Your task
Using the entries that follow, establish how many lines contain the word "imports" and give only that figure.

[Saved data entries]
(* Let $\mathbf C$ be the middle-third Cantor set, $s=\log_32$, $\mathcal R=\bigcup\{\mathbf C+k/3^n:k,n\in\mathbb Z\}$, and $\mathfrak H^s$ the $s$-dimensional Hausdorff measure restricted to $\mathcal R$. If $\varphi:\mathcal R\to\mathbb C$ is Borel measurable, has bounded support (i.e. $\{x\in\mathcal R:\varphi(x)\ne0\}$ is bounded), and satisfies $\varphi(x)=\varphi(3x)+\varphi(3x-2)$ for all $x\in\mathcal R$, then $\varphi$ is a constant multiple of $\chi_{\mathbf C}$ up to a set of $\mathfrak H^s$-measure zero. *)

theory Defs
  imports "HOL-Analysis.Analysis"
begin

definition cantor_set :: "real set" where
  "cantor_set = {x. \<exists>d::nat \<Rightarrow> real. (\<forall>i. d i \<in> {0, 2}) \<and> (\<lambda>i. d i / 3 ^ Suc i) sums x}"

definition cantor_R :: "real set" where
  "cantor_R = (\<Union>k::int. \<Union>n::int. (\<lambda>x. x + of_int k / 3 powi n) ` cantor_set)"

text \<open>Hausdorff outer measure (Caratheodory construction, unnormalised),
  on subsets of the real line, with countable covers by bounded sets.\<close>
definition hausdorff_pre :: "real \<Rightarrow> real \<Rightarrow> real set \<Rightarrow> ennreal" where
  "hausdorff_pre s \<delta> A =
     (INF U \<in> {U :: nat \<Rightarrow> real set. A \<subseteq> (\<Union>i. U i) \<and> (\<forall>i. bounded (U i) \<and> diameter (U i) \<le> \<delta>)}.
        (\<Sum>i. ennreal (diameter (U i) powr s)))"
(* Let $I$ be a finite set, $T$ a tree on $I$, and fix a nice total order on $\mathcal{V}(T)$ with associated edge-labeling $\lambda$. For each $F \in [\hat{0},T]\setminus\{T\}$ there exists a unique $G\in[\hat{0},T]$ covering $F$ such that $\lambda(F,G) = \min(\mathcal{V}(T)\setminus\mathcal{V}(F))$.
   Context: A tree on a finite set $I$ is a (non-planar) rooted binary tree whose leaves are bijectively labeled by $I$: vertices are inner vertices (valence $3$) and leaves and the root (valence $1$), edges oriented towards the root; one-leaf trees are allowed. A forest on $I$ is a set of trees whose leaf sets partition $I$; $\mathcal{V}(F)$ is its set of inner vertices. For forests $F,G$ on $I$, $F \leq G$ if there is a continuous map $F\to G$ which (D1) is increasing with respect to orientation towards the root, (D2) maps inner vertices to inner vertices injectively, (D3) is the identity of $I$ on leaves, (D4) is injective on each tree of $F$. This gives the poset $\operatorname{For}(I)$, graded by the number of inner vertices, with minimum $\hat{0}$ (no inner vertices). For $F \leq G \leq T$ the inner vertices are regarded, via these maps, as subsets $\mathcal{V}(F)\subseteq\mathcal{V}(G)\subseteq\mathcal{V}(T)$; if $G$ covers $F$ there is a unique $v$ with $\mathcal{V}(G)=\mathcal{V}(F)\cup\{v\}$. Partial order on $\mathcal{V}(T)$: $v \preceq v'$ if $v'$ lies on the path between the root and $v$. A nice total order is any total order on $\mathcal{V}(T)$ extending $\preceq$; using it, the inner vertices are labeled $1,\dots,n$ increasingly and identified with their labels (min is taken in this order). The edge-labeling $\lambda$ is defined for $F\lhd G$ in $[\hat{0},T]$ by $\mathcal{V}(G)=\mathcal{V}(F)\cup\{\lambda(F,G)\}$. *)

theory Defs
  imports Main
begin

text \<open>
A (non-planar, rooted, binary) forest on a finite leaf set I is represented,
up to isomorphism fixing the leaves, by its set of clusters: every vertex (leaf or inner
vertex) is represented by the set of leaves below it. Leaves are the singletons {i},
inner vertices are the clusters of cardinality at least 2; the clusters form a laminar
family of nonempty subsets of I containing all singletons, and every inner cluster is
the disjoint union of two clusters (its two children). Trees of the forest correspond
to the maximal clusters. (Root vertices of valence 1 are not represented explicitly;
each tree has exactly one, directly above its maximal cluster.)
\<close>

definition children :: "'a set \<Rightarrow> 'a set \<Rightarrow> 'a set \<Rightarrow> bool" where
  "children C C1 C2 \<longleftrightarrow> C1 \<noteq> {} \<and> C2 \<noteq> {} \<and> C1 \<inter> C2 = {} \<and> C1 \<union> C2 = C"

definition forest :: "'a set \<Rightarrow> 'a set set \<Rightarrow> bool" where
  "forest I F \<longleftrightarrow> finite I
     \<and> (\<forall>C\<in>F. C \<noteq> {} \<and> C \<subseteq> I)
     \<and> (\<forall>i\<in>I. {i} \<in> F)
     \<and> (\<forall>C\<in>F. \<forall>D\<in>F. C \<subseteq> D \<or> D \<subseteq> C \<or> C \<inter> D = {})
     \<and> (\<forall>C\<in>F. card C \<ge> 2 \<longrightarrow> (\<exists>C1\<in>F. \<exists>C2\<in>F. children C C1 C2))"
definition unit_int :: "'n \<Rightarrow> ('n \<Rightarrow> int)" where
  "unit_int k = (\<lambda>j. if j = k then 1 else 0)"

definition full_support :: "('n \<Rightarrow> nat) set \<Rightarrow> bool" where
  "full_support S \<longleftrightarrow> (\<forall>i. unit_nat i \<notin> S)"

definition nonneg :: "('n \<Rightarrow> int) \<Rightarrow> bool" where
  "nonneg \<beta> \<longleftrightarrow> (\<forall>i. 0 \<le> \<beta> i)"

definition to_nat_vec :: "('n \<Rightarrow> int) \<Rightarrow> ('n \<Rightarrow> nat)" where
  "to_nat_vec \<beta> = (\<lambda>i. nat (\<beta> i))"

definition add_int :: "('n \<Rightarrow> int) \<Rightarrow> ('n \<Rightarrow> int) \<Rightarrow> ('n \<Rightarrow> int)" where
  "add_int \<alpha> \<beta> = (\<lambda>i. \<alpha> i + \<beta> i)"

definition in_suppc :: "('n \<Rightarrow> nat) set \<Rightarrow> ('n \<Rightarrow> int) \<Rightarrow> bool" where
  "in_suppc S \<beta> \<longleftrightarrow> nonneg \<beta> \<and> to_nat_vec \<beta> \<notin> S"

definition E_set :: "('n \<Rightarrow> nat) set \<Rightarrow> ('n \<Rightarrow> int) \<Rightarrow> 'n set" where
  "E_set S \<alpha> = {i. in_suppc S (add_int \<alpha> (unit_int i))}"

text \<open>The quotient algebra K[x]/I, realised on its monomial basis
{xbar^m | m in supp^c(I)}: an element is its coefficient function, vanishing on supp(I).\<close>
definition qalg :: "('n \<Rightarrow> nat) set \<Rightarrow> (('n \<Rightarrow> nat) \<Rightarrow> 'k::field) set" where
  "qalg S = {f. \<forall>m\<in>S. f m = 0}"

definition qmult :: "('n \<Rightarrow> nat) set \<Rightarrow> (('n \<Rightarrow> nat) \<Rightarrow> 'k::field)
    \<Rightarrow> (('n \<Rightarrow> nat) \<Rightarrow> 'k) \<Rightarrow> (('n \<Rightarrow> nat) \<Rightarrow> 'k)" where
  "qmult S f g = (\<lambda>m. if m \<in> S then 0
      else (\<Sum>a\<in>{a. \<forall>i. a i \<le> m i}. f a * g (\<lambda>i. m i - a i)))"

definition qmono :: "('n \<Rightarrow> nat) set \<Rightarrow> ('n \<Rightarrow> nat) \<Rightarrow> (('n \<Rightarrow> nat) \<Rightarrow> 'k::field)" where
  "qmono S m = (\<lambda>m'. if m' = m \<and> m \<notin> S then 1 else 0)"

definition qmono_int :: "('n \<Rightarrow> nat) set \<Rightarrow> ('n \<Rightarrow> int) \<Rightarrow> (('n \<Rightarrow> nat) \<Rightarrow> 'k::field)" where
  "qmono_int S \<beta> = (if nonneg \<beta> then qmono S (to_nat_vec \<beta>) else (\<lambda>_. 0))"

text \<open>K-derivations of K[x]/I, as maps on qalg S (extended by 0 outside it).\<close>
definition is_derivation :: "('n \<Rightarrow> nat) set
    \<Rightarrow> ((('n \<Rightarrow> nat) \<Rightarrow> 'k::field) \<Rightarrow> (('n \<Rightarrow> nat) \<Rightarrow> 'k)) \<Rightarrow> bool" where
  "is_derivation S D \<longleftrightarrow>
     (\<forall>f. f \<notin> qalg S \<longrightarrow> D f = (\<lambda>_. 0)) \<and>
     (\<forall>f\<in>qalg S. D f \<in> qalg S) \<and>
     (\<forall>f\<in>qalg S. \<forall>g\<in>qalg S. D (\<lambda>m. f m + g m) = (\<lambda>m. D f m + D g m)) \<and>
     (\<forall>c. \<forall>f\<in>qalg S. D (\<lambda>m. c * f m) = (\<lambda>m. c * D f m)) \<and>
     (\<forall>f\<in>qalg S. \<forall>g\<in>qalg S.
        D (qmult S f g) = (\<lambda>m. qmult S (D f) g m + qmult S f (D g) m))"

definition weight_space :: "('n \<Rightarrow> nat) set \<Rightarrow> ('n \<Rightarrow> int)
    \<Rightarrow> ((('n \<Rightarrow> nat) \<Rightarrow> 'k::field) \<Rightarrow> (('n \<Rightarrow> nat) \<Rightarrow> 'k)) set" where
  "weight_space S \<alpha> = {D. is_derivation S D \<and>
     (\<forall>m. \<exists>c. D (qmono S m) = (\<lambda>m'. c * qmono_int S (\<lambda>i. int (m i) + \<alpha> i) m'))}"

definition dscale :: "'k::field \<Rightarrow> ((('n \<Rightarrow> nat) \<Rightarrow> 'k) \<Rightarrow> (('n \<Rightarrow> nat) \<Rightarrow> 'k))
    \<Rightarrow> ((('n \<Rightarrow> nat) \<Rightarrow> 'k) \<Rightarrow> (('n \<Rightarrow> nat) \<Rightarrow> 'k))" where
  "dscale c D = (\<lambda>f m. c * D f m)"

definition dim_weight :: "('n \<Rightarrow> nat) set \<Rightarrow> ('n \<Rightarrow> int) \<Rightarrow> 'k::field itself \<Rightarrow> nat" where
  "dim_weight S \<alpha> _ = vector_space.dim (dscale :: 'k \<Rightarrow> _) (weight_space S \<alpha> :: ((('n \<Rightarrow> nat) \<Rightarrow> 'k) \<Rightarrow> _) set)"

end

theory Submission
  imports Defs "HOL-Library.FuncSet" "HOL-Library.Indicator_Function"
begin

Result below
3